▶ [TRY IT]
Within the records below, reproduce without change the lines from the line that has "fix X Y assume" through the line that has "a (reduce (rep", and only those.

▶ [STORED DATA]

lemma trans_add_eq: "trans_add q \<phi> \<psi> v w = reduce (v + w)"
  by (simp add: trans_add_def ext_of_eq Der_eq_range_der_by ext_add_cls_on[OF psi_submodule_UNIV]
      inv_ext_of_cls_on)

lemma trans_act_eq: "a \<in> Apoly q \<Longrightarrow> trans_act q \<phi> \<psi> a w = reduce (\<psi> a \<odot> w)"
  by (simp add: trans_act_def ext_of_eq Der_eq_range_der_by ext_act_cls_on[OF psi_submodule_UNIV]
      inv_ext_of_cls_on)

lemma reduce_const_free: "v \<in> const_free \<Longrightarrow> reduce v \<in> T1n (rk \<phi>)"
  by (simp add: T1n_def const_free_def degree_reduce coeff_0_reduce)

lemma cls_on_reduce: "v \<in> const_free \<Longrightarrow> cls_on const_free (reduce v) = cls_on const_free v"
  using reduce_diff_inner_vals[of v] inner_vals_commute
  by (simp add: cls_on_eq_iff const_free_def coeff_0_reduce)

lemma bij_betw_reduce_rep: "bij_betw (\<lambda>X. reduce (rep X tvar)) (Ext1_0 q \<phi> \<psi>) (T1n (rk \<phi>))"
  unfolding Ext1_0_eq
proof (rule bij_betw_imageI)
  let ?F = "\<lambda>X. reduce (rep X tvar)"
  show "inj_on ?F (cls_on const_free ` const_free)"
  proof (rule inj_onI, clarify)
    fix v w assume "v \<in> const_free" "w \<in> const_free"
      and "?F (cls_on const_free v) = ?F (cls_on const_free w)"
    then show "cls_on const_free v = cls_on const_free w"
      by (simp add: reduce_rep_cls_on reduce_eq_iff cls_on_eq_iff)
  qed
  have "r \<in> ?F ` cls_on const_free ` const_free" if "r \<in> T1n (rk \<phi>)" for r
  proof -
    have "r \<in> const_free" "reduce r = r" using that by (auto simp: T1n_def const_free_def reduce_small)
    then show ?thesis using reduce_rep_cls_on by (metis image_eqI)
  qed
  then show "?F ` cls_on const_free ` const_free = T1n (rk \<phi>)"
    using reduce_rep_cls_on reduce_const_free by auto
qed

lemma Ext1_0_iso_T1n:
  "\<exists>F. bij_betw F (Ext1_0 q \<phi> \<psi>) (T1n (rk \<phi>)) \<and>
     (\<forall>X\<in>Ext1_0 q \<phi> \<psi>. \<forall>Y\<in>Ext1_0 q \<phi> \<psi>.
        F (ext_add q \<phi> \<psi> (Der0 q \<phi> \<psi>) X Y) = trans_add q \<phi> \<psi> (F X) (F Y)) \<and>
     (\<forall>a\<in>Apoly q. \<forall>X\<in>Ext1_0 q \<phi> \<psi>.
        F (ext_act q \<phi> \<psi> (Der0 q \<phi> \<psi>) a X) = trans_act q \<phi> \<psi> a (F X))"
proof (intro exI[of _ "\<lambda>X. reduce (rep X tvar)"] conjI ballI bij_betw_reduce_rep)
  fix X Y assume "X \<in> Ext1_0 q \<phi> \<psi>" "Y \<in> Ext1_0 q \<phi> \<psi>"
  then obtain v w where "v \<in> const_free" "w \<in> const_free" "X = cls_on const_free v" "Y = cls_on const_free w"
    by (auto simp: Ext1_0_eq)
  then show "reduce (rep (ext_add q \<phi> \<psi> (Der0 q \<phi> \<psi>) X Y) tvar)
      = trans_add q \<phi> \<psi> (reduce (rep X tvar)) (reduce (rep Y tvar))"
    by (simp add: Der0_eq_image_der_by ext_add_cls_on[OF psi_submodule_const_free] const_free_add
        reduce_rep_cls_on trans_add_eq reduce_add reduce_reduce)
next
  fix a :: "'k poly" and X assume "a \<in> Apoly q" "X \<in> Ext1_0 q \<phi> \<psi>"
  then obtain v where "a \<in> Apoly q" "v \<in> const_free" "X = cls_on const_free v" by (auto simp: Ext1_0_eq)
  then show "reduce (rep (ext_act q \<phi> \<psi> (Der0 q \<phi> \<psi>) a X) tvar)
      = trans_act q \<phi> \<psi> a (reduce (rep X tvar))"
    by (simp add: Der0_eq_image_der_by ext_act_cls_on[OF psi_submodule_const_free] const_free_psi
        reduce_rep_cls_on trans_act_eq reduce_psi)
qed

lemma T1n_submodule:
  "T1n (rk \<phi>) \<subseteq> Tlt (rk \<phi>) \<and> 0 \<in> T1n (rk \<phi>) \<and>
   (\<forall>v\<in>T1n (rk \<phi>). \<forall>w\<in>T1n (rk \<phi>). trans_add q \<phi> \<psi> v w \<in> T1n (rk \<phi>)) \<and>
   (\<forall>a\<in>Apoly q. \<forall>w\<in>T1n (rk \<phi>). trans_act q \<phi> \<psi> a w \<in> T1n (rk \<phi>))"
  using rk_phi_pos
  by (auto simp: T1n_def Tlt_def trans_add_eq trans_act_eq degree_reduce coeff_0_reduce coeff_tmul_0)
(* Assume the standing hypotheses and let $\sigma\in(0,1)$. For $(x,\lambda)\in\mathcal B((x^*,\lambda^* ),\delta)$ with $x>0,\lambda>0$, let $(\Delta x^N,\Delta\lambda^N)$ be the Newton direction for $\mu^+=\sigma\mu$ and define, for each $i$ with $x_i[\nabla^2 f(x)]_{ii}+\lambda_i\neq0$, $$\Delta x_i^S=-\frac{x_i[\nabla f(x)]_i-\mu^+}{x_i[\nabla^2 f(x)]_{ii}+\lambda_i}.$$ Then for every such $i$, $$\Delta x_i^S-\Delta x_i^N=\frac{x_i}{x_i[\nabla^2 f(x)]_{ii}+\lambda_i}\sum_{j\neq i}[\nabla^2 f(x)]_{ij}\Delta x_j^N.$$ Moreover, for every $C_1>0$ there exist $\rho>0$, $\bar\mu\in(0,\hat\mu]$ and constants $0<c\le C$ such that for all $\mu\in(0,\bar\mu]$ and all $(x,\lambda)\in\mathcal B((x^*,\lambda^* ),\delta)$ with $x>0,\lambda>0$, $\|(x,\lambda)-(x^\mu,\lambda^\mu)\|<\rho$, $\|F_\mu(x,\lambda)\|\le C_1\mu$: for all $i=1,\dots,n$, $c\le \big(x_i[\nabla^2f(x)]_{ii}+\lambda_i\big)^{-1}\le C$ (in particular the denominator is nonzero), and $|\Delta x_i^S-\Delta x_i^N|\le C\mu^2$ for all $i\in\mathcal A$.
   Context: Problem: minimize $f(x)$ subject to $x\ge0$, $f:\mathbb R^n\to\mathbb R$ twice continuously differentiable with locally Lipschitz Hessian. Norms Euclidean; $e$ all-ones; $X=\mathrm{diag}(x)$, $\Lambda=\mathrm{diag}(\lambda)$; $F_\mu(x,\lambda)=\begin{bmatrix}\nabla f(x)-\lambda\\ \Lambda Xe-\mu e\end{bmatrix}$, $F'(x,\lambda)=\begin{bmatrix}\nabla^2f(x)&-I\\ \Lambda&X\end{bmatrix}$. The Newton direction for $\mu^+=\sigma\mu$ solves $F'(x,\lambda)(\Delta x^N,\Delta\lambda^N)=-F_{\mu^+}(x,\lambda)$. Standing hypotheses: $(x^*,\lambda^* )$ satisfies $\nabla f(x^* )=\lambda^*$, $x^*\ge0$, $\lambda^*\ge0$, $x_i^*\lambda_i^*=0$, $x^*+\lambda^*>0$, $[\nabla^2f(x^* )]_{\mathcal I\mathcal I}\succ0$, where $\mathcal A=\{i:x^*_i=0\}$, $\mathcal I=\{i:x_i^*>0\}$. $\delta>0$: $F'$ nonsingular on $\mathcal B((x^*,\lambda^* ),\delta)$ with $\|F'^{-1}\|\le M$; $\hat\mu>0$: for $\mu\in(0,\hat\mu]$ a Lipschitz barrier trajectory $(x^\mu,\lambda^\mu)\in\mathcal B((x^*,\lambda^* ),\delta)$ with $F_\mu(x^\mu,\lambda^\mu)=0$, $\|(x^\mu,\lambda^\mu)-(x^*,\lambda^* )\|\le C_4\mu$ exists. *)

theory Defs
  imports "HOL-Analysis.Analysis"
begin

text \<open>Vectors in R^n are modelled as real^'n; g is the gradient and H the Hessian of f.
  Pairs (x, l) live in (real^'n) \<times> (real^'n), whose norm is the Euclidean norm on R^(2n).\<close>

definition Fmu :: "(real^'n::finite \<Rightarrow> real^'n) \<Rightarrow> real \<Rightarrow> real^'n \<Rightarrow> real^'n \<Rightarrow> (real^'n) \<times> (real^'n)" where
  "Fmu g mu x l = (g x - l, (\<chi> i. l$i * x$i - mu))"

▶ [SOLVED EXERCISE]
  fix X Y assume "X \<in> Ext1_0 q \<phi> \<psi>" "Y \<in> Ext1_0 q \<phi> \<psi>"
  then obtain v w where "v \<in> const_free" "w \<in> const_free" "X = cls_on const_free v" "Y = cls_on const_free w"
    by (auto simp: Ext1_0_eq)
  then show "reduce (rep (ext_add q \<phi> \<psi> (Der0 q \<phi> \<psi>) X Y) tvar)
      = trans_add q \<phi> \<psi> (reduce (rep X tvar)) (reduce (rep Y tvar))"
    by (simp add: Der0_eq_image_der_by ext_add_cls_on[OF psi_submodule_const_free] const_free_add
        reduce_rep_cls_on trans_add_eq reduce_add reduce_reduce)
next
  fix a :: "'k poly" and X assume "a \<in> Apoly q" "X \<in> Ext1_0 q \<phi> \<psi>"
  then obtain v where "a \<in> Apoly q" "v \<in> const_free" "X = cls_on const_free v" by (auto simp: Ext1_0_eq)
  then show "reduce (rep (ext_act q \<phi> \<psi> (Der0 q \<phi> \<psi>) a X) tvar)
      = trans_act q \<phi> \<psi> a (reduce (rep X tvar))"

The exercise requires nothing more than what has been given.